ELISA results from HEK293T conditioned media showed that the signal peptides identified by the in silico work and the manually selected sequences of interest did not induce a significant increase in hBMP2 secretion versus the pVax_BMP2 positive control (see Fig. 4A). The in silico selected signal peptides all showed small but non-significant increases versus the pVax_BMP2 positive control, while the manually selected SPs showed small and non-significant decreases. Data were highly variable across all groups, with the exception of the pVax_GFP negative control. There appeared to be a minor blanking issue as small negative hBMP2 concentrations were measured for the negative control across all replicates. This was thought to be a minor issue as these values were only a small fraction of that detected in the other samples. It was suspected this was caused by slight differences in blocking behaviour between the fresh complete media used for the standard curve and the conditioned media that made up the samples. C2C12s conditioned media ELISA results showed significant decreases versus the pVax_BMP2 positive control for SPs 1 & 2, SP hBMP2 TISIGNER and SP hIL2, while in silico SPs 3,4 & 5 showed non-significant decreases (see Fig. 4B). After 7 days ALP activity was again at background levels in all groups except the osteogenesis positive control (see Fig. 4C).

Fig. 4
figure 4

In vitro validation data (A) hBMP2 ELISA data from HEK293T cells. All computationally selected sequences showed non-significant increases in secretion. N = 7 ± SD, **** = p < 0.0001 (B) hBMP2 ELISA data from C2C12 cells. All computationally selected sequences showed decreased secretion versus the positive control, with several showing significant decreases. Particularly notable were the sequences that showed major decreases in the C2C12 results compared to the HEK293T experiment. These were SP1, SP2, SP hIL2 and SP hBMP2 TIS. N = 3 ± SD. * = p < 0.05, ** = p < 0.01, *** = p < 0.001 C) ALP assay data from C2C12 cells. All groups except the positive control showed background levels of ALP activity, indicating the novel SPs were not sufficient to induce osteogenesis in this context. N = 3 ± SD, *** = p < 0.001

Regression analysis of SP scores and ELISA data indicated that there was a significant correlation between SP score and BMP2 secretion in HEK293T (see Fig. 5A; gradient = 0.0509, R2 = 0.096, F [1, 44] = 4.976, p = 0.0305). No correlation was found between SP score and the heparin supplemented C2C12 ELISA data (see Fig. 5B).

Fig. 5
figure 5

Linear regression analyses of the SP score values and ELISA data (A) ELISA data from the HEK239T experiment. Correlation was found to be significant (gradient = 0.0509, R2 = 0.096, F [1, 44] = 4.976, p = 0.0305) (B) ELISA data from the C2C12 experiment. No significant correlation was found (gradient = 0.0427, R2 = 0.138, F [1, 19] = 3.038, p = 0.0975)

Discussion

Here we have created an alternative approach to SP prediction, hoping to take advantage of the new generation of computational tools to create quantitative in silico predictions of SP effectiveness. We chose to first test the approach with human BMP2, an important osteogenic protein long used in regenerative approach in bone both as a recombinant protein and a gene therapy. Notably BMP2 is known to be a difficult-to-express protein [34, 35], and it was hoped SP engineering might help to alleviate this issue.

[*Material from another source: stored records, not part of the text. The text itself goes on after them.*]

lemma cocoercive_inner_le:
  assumes "cocoercive \<beta> A" "\<beta> > 0"
  shows "inner (A x - A z) (z - y) \<le> (norm (x - y))\<^sup>2 / (4 * \<beta>)"
proof -
  define n e where "n = norm (A x - A z)" and "e = norm (x - y)"
  have "inner (A x - A z) (z - y) = inner (A x - A z) (x - y) - inner (A x - A z) (x - z)"
    by (simp add: inner_diff_right)
  also have "\<dots> \<le> n * e - \<beta> * n\<^sup>2"
    using norm_cauchy_schwarz[of "A x - A z" "x - y"] assms(1)[unfolded cocoercive_def, rule_format, of x z]
    unfolding n_def e_def by linarith
  also have "\<dots> \<le> e\<^sup>2 / (4 * \<beta>)"
  proof -
    txt \<open>Young's inequality.\<close>
    have "0 \<le> (2 * \<beta> * n - e)\<^sup>2"
      by simp
    then show ?thesis
      using assms(2) by (simp add: field_simps power2_eq_square)
  qed
  finally show ?thesis
    by (simp add: e_def)
qed

lemma
  fixes A1 A2 :: "'a::{real_inner,complete_space} \<Rightarrow> 'a"
  assumes "\<beta> > 0" "cocoercive \<beta> A1" "maximal_monotone (\<lambda>z. {A2 z})"
    and "uniformly_continuous_on UNIV A2" "maximal_monotone B"
  shows closed_convex_zer_sum: "closed (zer_sum (\<lambda>z. A1 z + A2 z) B)" "convex (zer_sum (\<lambda>z. A1 z + A2 z) B)"
proof -
  have "0 \<le> inner ((A1 x + A2 x) - (A1 y + A2 y)) (x - y)" for x y
    using cocoercive_monotone[OF assms(2), of x y] \<open>\<beta> > 0\<close>
      maximal_monotone_monoD[OF assms(3), of "A2 x" x "A2 y" y]
    by (simp add: algebra_simps inner_add_left inner_diff_left)
  moreover have "uniformly_continuous_on UNIV (\<lambda>z. A1 z + A2 z)"
    using lipschitz_on_uniformly_continuous[OF cocoercive_lipschitz[OF assms(2,1)]] assms(4)
    by (rule uniformly_continuous_on_add)
  ultimately have "maximal_monotone (\<lambda>z. (\<lambda>v. A1 z + A2 z + v) ` B z)"
    using assms(5) by (rule maximal_monotone_add)
  then show "closed (zer_sum (\<lambda>z. A1 z + A2 z) B)" "convex (zer_sum (\<lambda>z. A1 z + A2 z) B)"
    unfolding zer_sum_eq by (rule closed_maximal_monotone_zeros convex_maximal_monotone_zeros)+
qed

lemma halfspace_le_shift: "{z. inner n (z - p) \<le> r} = {z. inner n z \<le> r + inner n p}"
  by (auto simp: inner_diff_right)

lemma
  shows closed_T_set: "closed (T_set A1 A2 B \<delta>bar \<alpha> x)"
    and convex_T_set: "convex (T_set A1 A2 B \<delta>bar \<alpha> x)"
  unfolding T_set_def Let_def halfspace_le_shift
  by (rule closed_halfspace_le convex_halfspace_le)+

lemma
  shows closed_Gamma_set: "closed (Gamma_set x\<^sub>0 x)"
    and convex_Gamma_set: "convex (Gamma_set x\<^sub>0 x)"
  unfolding Gamma_set_def halfspace_le_shift
  by (rule closed_halfspace_le convex_halfspace_le)+

lemma zer_sum_subset_T_set:
  fixes A1 A2 :: "'a::{real_inner,complete_space} \<Rightarrow> 'a"
  assumes "cocoercive \<beta> A1" "\<beta> > 0" and mono_A2: "maximal_monotone (\<lambda>z. {A2 z})"
    and mm: "maximal_monotone B" and "0 < \<alpha>" "\<alpha> \<le> 4 * \<beta> * \<delta>bar"
  shows "zer_sum (\<lambda>z. A1 z + A2 z) B \<subseteq> T_set A1 A2 B \<delta>bar \<alpha> x"
proof
  fix z
  assume "z \<in> zer_sum (\<lambda>z. A1 z + A2 z) B"
  then have Bz: "- (A1 z + A2 z) \<in> B z"
    by (auto simp: zer_sum_def add_eq_0_iff)
  define xb where "xb = trial_pt A1 A2 B \<alpha> x"
  define u where "u = (x - \<alpha> *\<^sub>R (A1 x + A2 x) - xb) /\<^sub>R \<alpha>"
  have Bxb: "u \<in> B xb"
    unfolding u_def xb_def trial_pt_def using resolvent_mem[OF mm \<open>0 < \<alpha>\<close>] .
  have "(x - xb) /\<^sub>R \<alpha> - (A2 x - A2 xb) = (u - - (A1 z + A2 z)) + (A1 x - A1 z) + (A2 xb - A2 z)"
    using \<open>0 < \<alpha>\<close> by (simp add: u_def algebra_simps)
  then have "inner ((x - xb) /\<^sub>R \<alpha> - (A2 x - A2 xb)) (z - xb)
      = inner (u - - (A1 z + A2 z)) (z - xb) + inner (A1 x - A1 z) (z - xb) + inner (A2 xb - A2 z) (z - xb)"
    by (simp only: inner_add_left)
  moreover have "inner (u - - (A1 z + A2 z)) (z - xb) \<le> 0"
    using maximal_monotone_monoD[OF mm Bxb Bz] by (simp add: inner_diff_right)
  moreover have "inner (A2 xb - A2 z) (z - xb) \<le> 0"
    using maximal_monotone_monoD[OF mono_A2, of "A2 xb" xb "A2 z" z] by (simp add: inner_diff_right)
  moreover have "inner (A1 x - A1 z) (z - xb) \<le> (norm (x - xb))\<^sup>2 / (4 * \<beta>)"
    using assms(1,2) by (rule cocoercive_inner_le)
  moreover have "1 / (4 * \<beta>) \<le> \<delta>bar / \<alpha>"
    using assms(2,5,6) by (simp add: field_simps)
  then have "(norm (x - xb))\<^sup>2 / (4 * \<beta>) \<le> (\<delta>bar / \<alpha>) * (norm (x - xb))\<^sup>2"
    using mult_right_mono[of "1 / (4 * \<beta>)" "\<delta>bar / \<alpha>" "(norm (x - xb))\<^sup>2"] by simp
  ultimately have "inner ((x - xb) /\<^sub>R \<alpha> - (A2 x - A2 xb)) (z - xb) \<le> (\<delta>bar / \<alpha>) * (norm (x - xb))\<^sup>2"
    by linarith
  then show "z \<in> T_set A1 A2 B \<delta>bar \<alpha> x"
    by (simp add: T_set_def Let_def xb_def divide_inverse_commute)
qed

lemma linesearch_step_bounds:
  fixes a :: "nat \<Rightarrow> real"
  assumes "a 0 > 0" "0 < \<theta>" "\<theta> \<le> 1" "\<And>k. a (Suc k) = a k * \<theta> ^ j k"
  shows "0 < a k \<and> a k \<le> a 0"
proof (induction k)
  case (Suc k)
  have "0 < \<theta> ^ j k" "\<theta> ^ j k \<le> 1"
    using assms(2,3) by (simp_all add: power_le_one)
  then have "0 < a k * \<theta> ^ j k" "a k * \<theta> ^ j k \<le> a k"
    using Suc.IH by (simp_all add: mult_left_le)
  then show ?case
    unfolding assms(4)[of k] using Suc.IH by (intro conjI) linarith+
qed (use assms(1) in simp)

lemma subset_Gamma_set_of_projection_iterates:
  fixes x :: "nat \<Rightarrow> 'a::{real_inner,complete_space}"
  assumes "S \<noteq> {}" and S_sub: "\<And>k. S \<subseteq> T k" and "\<And>k. closed (T k)" "\<And>k. convex (T k)"
    and step: "\<And>k. x (Suc k) = proj (T k \<inter> Gamma_set (x 0) (x k)) (x 0)"
  shows "S \<subseteq> Gamma_set (x 0) (x k)"
proof (induction k)
  case 0
  show ?case
    by (auto simp: Gamma_set_def)
next
  case (Suc k)
  define C where "C = T k \<inter> Gamma_set (x 0) (x k)"
  have "S \<subseteq> C"
    using S_sub Suc.IH by (auto simp: C_def)
  moreover have "closed C" "convex C" "C \<noteq> {}"
    unfolding C_def using assms(1,3,4) \<open>S \<subseteq> C\<close>
    by (auto simp: C_def intro!: closed_Int convex_Int closed_Gamma_set convex_Gamma_set)
  ultimately show ?case
    using proj_dot[of C _ "x 0"] step[of k] by (auto simp: Gamma_set_def C_def)
qed

theorem lemma4p13:
  fixes A1 A2 :: "'a::{real_inner, complete_space} \<Rightarrow> 'a"
    and B :: "'a \<Rightarrow> 'a set"
    and \<beta> \<theta> \<delta> \<delta>bar \<alpha>m1 :: real
    and x :: "nat \<Rightarrow> 'a"
    and a :: "nat \<Rightarrow> real"
  assumes "\<beta> > 0" and "cocoercive \<beta> A1"
    and "maximal_monotone (\<lambda>z. {A2 z})" and "uniformly_continuous_on UNIV A2"
    and "maximal_monotone B"
    and "zer_sum (\<lambda>z. A1 z + A2 z) B \<noteq> {}"
    and "0 < \<theta>" "\<theta> < 1" "0 < \<delta>" "\<delta> < 1" "\<delta>bar > 0" "1 - \<delta> - \<delta>bar > 0"
    and "\<alpha>m1 > 0" "\<alpha>m1 \<le> 4 * \<beta> * \<delta>bar"
    and a0: "a 0 = \<alpha>m1"
    and a_step: "\<And>k. a (Suc k) = a k * \<theta> ^ jstep A1 A2 B \<theta> \<delta> (a k) (x k)"
    and x_step: "\<And>k. x (Suc k) = proj (T_set A1 A2 B \<delta>bar (a (Suc k)) (x k) \<inter> Gamma_set (x 0) (x k)) (x 0)"
  shows "bounded (range x) \<and>
    (\<forall>k. x k \<in> cball ((1/2) *\<^sub>R (x 0 + proj (zer_sum (\<lambda>z. A1 z + A2 z) B) (x 0)))
                    ((1/2) * infdist (x 0) (zer_sum (\<lambda>z. A1 z + A2 z) B)))"
proof -
  define S where "S = zer_sum (\<lambda>z. A1 z + A2 z) B"
  have S: "closed S" "convex S" "S \<noteq> {}"
    using closed_convex_zer_sum[OF assms(1-5)] assms(6) by (simp_all add: S_def)
  have steps: "0 < a k \<and> a k \<le> \<alpha>m1" for k
    using linesearch_step_bounds[of a \<theta>] a_step a0 assms(7,8,13) by fastforce
  have T_sub: "S \<subseteq> T_set A1 A2 B \<delta>bar (a (Suc k)) (x k)" for k
    unfolding S_def using assms(1,2,3,5,14) steps[of "Suc k"] by (intro zer_sum_subset_T_set) auto
  have Gamma: "S \<subseteq> Gamma_set (x 0) (x k)" for k
    by (rule subset_Gamma_set_of_projection_iterates[OF S(3) T_sub closed_T_set convex_T_set x_step])
  define x\<^sub>S where "x\<^sub>S = proj S (x 0)"
  have "inner (x 0 - x k) (x\<^sub>S - x k) \<le> 0" for k
    using Gamma[of k] proj_in[OF S] by (auto simp: Gamma_set_def x\<^sub>S_def)
  then have "x k \<in> cball (midpoint (x 0) x\<^sub>S) (dist (x 0) x\<^sub>S / 2)" for k
    by (simp only: mem_cball_midpoint_iff)
  moreover have "bounded (range x)"
    using calculation by (intro bounded_subset[OF bounded_cball]) blast
  ultimately show ?thesis
    using infdist_eq_dist_proj[OF S] by (simp add: S_def x\<^sub>S_def midpoint_def)
qed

While many tools now exist to predict the presence of SPs, they are not capable of making quantitative predictions of how they will perform. To add more utility to the in silico segment of the screen than simply filtering out likely negatives (still leaving an overwhelming number of sequences), an additional approach was required. mRNA structure prediction was used to attempt to provide this additional predictive power. Briefly, the signal peptide coding region for SRP SPs contains the start codon and lies only slightly downstream of the ribosomal attachment point. Consequently secondary structure in the region can have a pronounced influence on translation. There is evidence that less stable secondary structure in a ± 15 bp window around the translational start site (which includes the beginning of the SP coding sequence) can improve translation initiation and early elongation [3,4,5]. Outside the translational start site mRNAs with a higher global stability appear to show improved translation, thought to be due to a combination of improved half-life and the generally higher stability of sequences containing many codons with abundant tRNAs [36, 37]. Consequently, it was though that heterologous SP-BMP2 fusions with mRNAs predicted to display less stable secondary structure at the translation start site and higher global stability might show improved translation and thus more protein export. An mRNA structure and stability based metric, SP score, was devised to assess these two properties simultaneously. It was hypothesised that SP score would correlate with levels of secreted protein.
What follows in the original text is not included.